Stored data entries
——
lemma limsup_mult_partial_sum_le:
  assumes "l \<ge> 0" and r: "strict_mono r" and "(\<lambda>v. u (r v)) \<longlonglongrightarrow> l"
    and "\<And>\<delta>. \<delta> > 0 \<Longrightarrow> eventually (\<lambda>j. u j < l + \<delta>) sequentially"
  shows "l * (\<Sum>k\<le>K. a k) \<le> 1"
proof -
  have "(\<lambda>v. \<Sum>k\<le>K. a k * u (r v - k)) \<longlonglongrightarrow> (\<Sum>k\<le>K. a k * l)"
    by (intro tendsto_sum tendsto_mult_left tendsto_at_limsup_shifts[OF assms])
  moreover have "(\<Sum>k\<le>K. a k * u (r v - k)) \<le> 1" if "K \<le> v" for v
  proof -
    have "K \<le> r v" using seq_suble[OF r, of v] that by simp
    then have "(\<Sum>k\<le>K. a k * u (r v - k)) \<le> (\<Sum>k\<le>r v. a k * u (r v - k))"
      by (intro sum_mono2) (use a_nonneg u_bounds in auto)
    then show ?thesis using fundamental_seq_convolution[of a] a_0 by simp
  qed
  ultimately have "(\<Sum>k\<le>K. a k * l) \<le> 1" using LIMSEQ_le_const2 by blast
  then show ?thesis by (simp add: sum_distrib_left mult.commute)
qed

end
——
→ **PROBLEM REQUIREMENTS**: In the records above, locate every line with the string "simp" and copy it.

→ **EXPECTED ANSWER**:
    have "K \<le> r v" using seq_suble[OF r, of v] that by simp
    then show ?thesis using fundamental_seq_convolution[of a] a_0 by simp
  then show ?thesis by (simp add: sum_distrib_left mult.commute)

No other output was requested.